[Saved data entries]

────────

(* Let $\mathcal{C}(\mathbb{R}) = \{A\subseteq\mathbb{R} : A \text{ is countable or } \mathbb{R}\setminus A \text{ is countable}\}$. Then $\mathcal{C}(\mathbb{R}) \neq \mathcal{B}_f(\mathbb{R})$ for every two-point selection $f$ on $\mathbb{R}$.
   Context: A two-point selection on $\mathbb{R}$ is a function $f$ from the set of two-element subsets of $\mathbb{R}$ to $\mathbb{R}$ with $f(F)\in F$. Write $r<_f s$ if $f(\{r,s\})=r$ ($r\ne s$), $(\leftarrow,r)_f=\{x: x<_f r\}$, $(r,\rightarrow)_f=\{x: r<_f x\}$. The topology $\tau_f$ on $\mathbb{R}$ is generated (as a subbase) by all sets $(\leftarrow,r)_f$, $(r,\rightarrow)_f$, $r\in\mathbb{R}$, and $\mathcal{B}_f(\mathbb{R})$ is the $\sigma$-algebra generated by $\tau_f$. *)

theory Defs
  imports "HOL-Analysis.Analysis"
begin

definition two_point_selection :: "(real set \<Rightarrow> real) \<Rightarrow> bool" where
  "two_point_selection f \<longleftrightarrow> (\<forall>x y. x \<noteq> y \<longrightarrow> f {x, y} \<in> {x, y})"

definition sel_less :: "(real set \<Rightarrow> real) \<Rightarrow> real \<Rightarrow> real \<Rightarrow> bool" where
  "sel_less f r s \<longleftrightarrow> r \<noteq> s \<and> f {r, s} = r"

definition sel_subbase :: "(real set \<Rightarrow> real) \<Rightarrow> real set set" where
  "sel_subbase f = {{x. sel_less f x r} | r. True} \<union> {{x. sel_less f r x} | r. True}"

definition sel_topology :: "(real set \<Rightarrow> real) \<Rightarrow> real topology" where
  "sel_topology f = topology_generated_by (sel_subbase f)"

definition sel_borel :: "(real set \<Rightarrow> real) \<Rightarrow> real set set" where
  "sel_borel f = sigma_sets UNIV {U. openin (sel_topology f) U}"

definition countable_cocountable :: "real set set" where
  "countable_cocountable = {A. countable A \<or> countable (UNIV - A)}"

end

(*
  The rays of the tournament <_f are open, and we find an open set U such that both U and its
  complement are uncountable; U belongs to B_f(R) but not to C(R).
  If uncountably many lower rays (<-,r)_f are countable, Zorn's lemma yields an uncountable
  set Z, well-ordered by <_f, in which every point has countably many predecessors.  The
  successors in Z are isolated by the open intervals (x, succ (succ x))_f, and the union of
  these intervals over one half of the uncountable set of successors is the desired U.
  Otherwise either some lower ray is already such a U, or uncountably many lower rays are
  co-countable, hence uncountably many upper rays are countable and the argument applies to
  the reversed tournament.
*)
theory Submission
  imports Defs
begin

lemma uncountable_split:
  includes cardinal_syntax
  assumes "uncountable P"
  obtains P1 P2 where "P1 \<subseteq> P" "P2 \<subseteq> P" "P1 \<inter> P2 = {}" "uncountable P1" "uncountable P2"
proof -
  have "infinite P" using assms countable_finite by blast
  then have "|P \<times> P| \<le>o |P|"
    by (intro ordIso_imp_ordLeq card_of_Times_same_infinite)
  then obtain g where g: "inj_on g (P \<times> P)" "g ` (P \<times> P) \<subseteq> P"
    using card_of_ordLeq[of "P \<times> P" P] by auto
  obtain a where "a \<in> P"
    using assms by (metis countable_empty ex_in_conv)
  moreover obtain b where "b \<in> P - {a}"
    using uncountable_minus_countable[OF assms, of "{a}"]
    by (metis countable_empty countable_insert ex_in_conv)
  ultimately have ab: "a \<in> P" "b \<in> P" "a \<noteq> b" by auto
  have column: "uncountable (g ` (P \<times> {c}))" if "c \<in> P" for c
  proof
    assume "countable (g ` (P \<times> {c}))"
    moreover have "inj_on g (P \<times> {c})" using g(1) by (rule inj_on_subset) (use that in blast)
    ultimately have "countable (fst ` (P \<times> {c}))" by (blast dest: countable_image_inj_on)
    then show False using assms by simp
  qed
  have "g (x, a) \<noteq> g (y, b)" if "x \<in> P" "y \<in> P" for x y
    using inj_on_eq_iff[OF g(1), of "(x, a)" "(y, b)"] that ab by auto
  then have disjoint: "g ` (P \<times> {a}) \<inter> g ` (P \<times> {b}) = {}" by blast
  have sub: "g ` (P \<times> {c}) \<subseteq> P" if "c \<in> P" for c
    using g(2) that by auto
  show thesis
    by (rule that[OF sub[OF ab(1)] sub[OF ab(2)] disjoint column[OF ab(1)] column[OF ab(2)]])
qed

lemma uncountable_isolated_imp_open_split:
  assumes "uncountable D"
    and isolated: "\<And>d. d \<in> D \<Longrightarrow> \<exists>U. openin T U \<and> U \<inter> D = {d}"
  obtains U where "openin T U" "uncountable U" "uncountable (topspace T - U)"
proof -
  obtain V where V: "\<And>d. d \<in> D \<Longrightarrow> openin T (V d) \<and> V d \<inter> D = {d}"
    using isolated by metis
  obtain P1 P2 where P: "P1 \<subseteq> D" "P2 \<subseteq> D" "P1 \<inter> P2 = {}" "uncountable P1" "uncountable P2"
    using uncountable_split[OF \<open>uncountable D\<close>] by blast
  let ?U = "\<Union>d\<in>P1. V d"
  have "openin T ?U" using V P(1) by blast
  have "P1 \<subseteq> ?U" using V P(1) by blast
  have "P2 \<subseteq> topspace T - ?U"
  proof
    fix q assume "q \<in> P2"
    then have "q \<in> topspace T" using V P(2) openin_subset by blast
    moreover have "q \<notin> V d" if "d \<in> P1" for d
    proof
      assume "q \<in> V d"
      moreover have "q \<in> D" "d \<in> D" using \<open>q \<in> P2\<close> that P(1,2) by blast+
      ultimately have "q = d" using V[of d] by blast
      then show False using \<open>q \<in> P2\<close> that P(3) by blast
    qed
    ultimately show "q \<in> topspace T - ?U" by blast
  qed
  show thesis
  proof (rule that)
    show "openin T ?U" by fact
    show "uncountable ?U" using countable_subset[OF \<open>P1 \<subseteq> ?U\<close>] P(4) by blast
    show "uncountable (topspace T - ?U)"
      using countable_subset[OF \<open>P2 \<subseteq> topspace T - ?U\<close>] P(5) by blast
  qed
qed

locale tournament =
  fixes prec :: "'a \<Rightarrow> 'a \<Rightarrow> bool" (infix "\<lessdot>" 50)
  assumes total: "x \<noteq> y \<Longrightarrow> x \<lessdot> y \<or> y \<lessdot> x"
    and asym: "x \<lessdot> y \<Longrightarrow> \<not> y \<lessdot> x"
begin

lemma irrefl: "\<not> x \<lessdot> x"
  using asym by blast

lemma dual: "tournament (\<lambda>x y. y \<lessdot> x)"
  by unfold_locales (use total asym in blast)+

────────

> [EXERCISE AIM]
Take every line from the data that contains the word "many".

> [REPLY TO THE TASK]
  If uncountably many lower rays (<-,r)_f are countable, Zorn's lemma yields an uncountable
  set Z, well-ordered by <_f, in which every point has countably many predecessors.  The
  Otherwise either some lower ray is already such a U, or uncountably many lower rays are
  co-countable, hence uncountably many upper rays are countable and the argument applies to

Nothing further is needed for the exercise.